» **What this task involves**: Every line containing "define" should be identified and copied from the data below.

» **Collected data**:
lemma n_trials_eq:
  fixes K :: "'a::euclidean_space set"
  shows "n_trials \<eta> K y = ennreal (exp (- (norm (closest_point K y - y))\<^sup>2 / (2 * \<eta>)))
    * ennreal (sqrt (2 * pi * \<eta>) ^ DIM('a)) / asf_Z \<eta> K y"
proof -
  let ?p = "closest_point K y"
  have "exp (- P1 \<eta> K y x) = exp (- (norm (?p - y))\<^sup>2 / (2 * \<eta>)) * exp (- (norm (x - ?p))\<^sup>2 / (2 * \<eta>))" for x
    by (simp add: P1_def field_simps flip: exp_add)
  then have "(\<integral>\<^sup>+x. ennreal (exp (- P1 \<eta> K y x)) \<partial>lborel)
      = ennreal (exp (- (norm (?p - y))\<^sup>2 / (2 * \<eta>))) * (\<integral>\<^sup>+x. ennreal (exp (- (norm (x - ?p))\<^sup>2 / (2 * \<eta>))) \<partial>lborel)"
    by (simp add: ennreal_mult nn_integral_cmult)
  then show ?thesis
    unfolding n_trials_def using nn_integral_gaussian_euclidean[OF \<eta>_pos, of ?p] by simp
qed

lemma nn_integral_n_trials_le:
  fixes K :: "'a::euclidean_space set"
  assumes "closed K" and "convex K" and "K \<noteq> {}" and "emeasure lborel K \<noteq> 0"
    and "has_density_le (\<lambda>y. c / ennreal (sqrt (2 * pi * \<eta>) ^ DIM('a)) * asf_Z \<eta> K y) \<nu>"
  shows "(\<integral>\<^sup>+y. n_trials \<eta> K y \<partial>\<nu>)
    \<le> c * (\<integral>\<^sup>+y. ennreal (exp (- (norm (closest_point K y - y))\<^sup>2 / (2 * \<eta>))) \<partial>lborel)"
proof -
  let ?G = "ennreal (sqrt (2 * pi * \<eta>) ^ DIM('a))"
  let ?E = "\<lambda>y. ennreal (exp (- (norm (closest_point K y - y))\<^sup>2 / (2 * \<eta>)))"
  have [measurable]: "K \<in> sets borel" "closest_point K \<in> borel_measurable borel"
    using assms by (auto intro!: borel_measurable_continuous_onI continuous_on_closest_point)
  have [measurable]: "n_trials \<eta> K \<in> borel_measurable borel"
    unfolding n_trials_eq[abs_def] by measurable
  have Z_ne: "asf_Z \<eta> K y \<noteq> 0" "asf_Z \<eta> K y \<noteq> \<infinity>" for y
    using asf_Z_pos[OF \<open>K \<in> sets borel\<close> assms(4), of \<eta> y] asf_Z_less_top[of K y] by auto
  have "(\<integral>\<^sup>+y. n_trials \<eta> K y \<partial>\<nu>) \<le> (\<integral>\<^sup>+y. c / ?G * asf_Z \<eta> K y * n_trials \<eta> K y \<partial>lborel)"
    using assms(5) by (rule nn_integral_le_if_has_density_le) measurable
  also have "\<dots> = (\<integral>\<^sup>+y. c / ?G * (?E y * ?G) \<partial>lborel)"
    unfolding n_trials_eq
    using Z_ne by (intro nn_integral_cong ennreal_mult_cancel_divide)
  also have "\<dots> = (\<integral>\<^sup>+y. c * ?E y \<partial>lborel)"
    using \<eta>_pos by (intro nn_integral_cong ennreal_divide_mult_cancel) auto
  also have "\<dots> = c * (\<integral>\<^sup>+y. ?E y \<partial>lborel)"
    by (rule nn_integral_cmult) measurable
  finally show ?thesis .
qed

end

theorem mainTheorem7:
  fixes K :: "'a::euclidean_space set" and R M :: real and \<mu>0 :: "'a measure" and k :: nat
  assumes "K \<noteq> {}" and "closed K" and "convex K"
    and "R > 1" and "ball 0 1 \<subseteq> K" and "K \<subseteq> cball 0 R"
    and "prob_space \<mu>0" and "sets \<mu>0 = sets borel"
    and "warm M \<mu>0 (uniform_measure lborel K)"
  shows "(\<integral>\<^sup>+ y. n_trials (1 / (real DIM('a))^2) K y
            \<partial>(asf_y_law (1 / (real DIM('a))^2) K \<mu>0 k))
         \<le> ennreal (M * (sqrt (2 * pi * exp 1) + 1))"
proof -
  define \<eta> where "\<eta> = 1 / (real DIM('a))^2"
  define c where "c = ennreal M / emeasure lborel K"
  have "\<eta> > 0" and [measurable]: "K \<in> sets borel"
    using \<open>closed K\<close> by (auto simp: \<eta>_def)
  have "emeasure lborel (ball (0::'a) 1) > 0"
    by (simp add: emeasure_ball)
  then have "emeasure lborel K \<noteq> 0"
    using emeasure_mono[OF \<open>ball 0 1 \<subseteq> K\<close>, of lborel] by auto
  moreover have "emeasure lborel K \<noteq> \<infinity>"
    using emeasure_bounded_finite[OF bounded_subset[OF bounded_cball \<open>K \<subseteq> cball 0 R\<close>]] by simp
  ultimately have "has_density_le (\<lambda>x. c * indicator K x) \<mu>0"
    unfolding c_def by (rule warm_imp_has_density_le[OF \<open>K \<in> sets borel\<close> _ _ assms(8,9)])
  then have "has_density_le (\<lambda>x. c * indicator K x) (asf_x_law \<eta> K \<mu>0 k)"
    by (rule has_density_le_asf_x_law[OF \<open>\<eta> > 0\<close> \<open>K \<in> sets borel\<close> \<open>emeasure lborel K \<noteq> 0\<close>])
  then have "has_density_le (\<lambda>y. c / ennreal (sqrt (2 * pi * \<eta>) ^ DIM('a)) * asf_Z \<eta> K y) (asf_y_law \<eta> K \<mu>0 k)"
    unfolding asf_y_law_def by (rule has_density_le_asf_forward[OF \<open>\<eta> > 0\<close> \<open>K \<in> sets borel\<close>])
  then have "(\<integral>\<^sup>+y. n_trials \<eta> K y \<partial>asf_y_law \<eta> K \<mu>0 k)
      \<le> c * (\<integral>\<^sup>+y. ennreal (exp (- (real DIM('a) * norm (closest_point K y - y))\<^sup>2 / 2)) \<partial>lborel)"
    using nn_integral_n_trials_le[OF \<open>\<eta> > 0\<close> assms(2,3,1) \<open>emeasure lborel K \<noteq> 0\<close>]
    by (simp add: \<eta>_def power_mult_distrib field_simps)
  also have "\<dots> \<le> c * (emeasure lborel K * ennreal (1 + sqrt (2 * pi * exp 1)))"
    by (intro mult_left_mono nn_integral_exp_neg_square_dist_le assms(2,3,5)) simp_all
  also have "\<dots> = ennreal M * ennreal (1 + sqrt (2 * pi * exp 1))"
    using \<open>emeasure lborel K \<noteq> 0\<close> \<open>emeasure lborel K \<noteq> \<infinity>\<close>
    by (simp add: c_def ennreal_divide_times mult.assoc[symmetric] top.not_eq_extremum)
  also have "\<dots> \<le> ennreal (M * (sqrt (2 * pi * exp 1) + 1))"
    by (cases "M \<ge> 0") (simp_all add: ennreal_mult add.commute ennreal_neg)
  finally show ?thesis
    unfolding \<eta>_def .
qed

» **Answer for the task**:
  define \<eta> where "\<eta> = 1 / (real DIM('a))^2"
  define c where "c = ennreal M / emeasure lborel K"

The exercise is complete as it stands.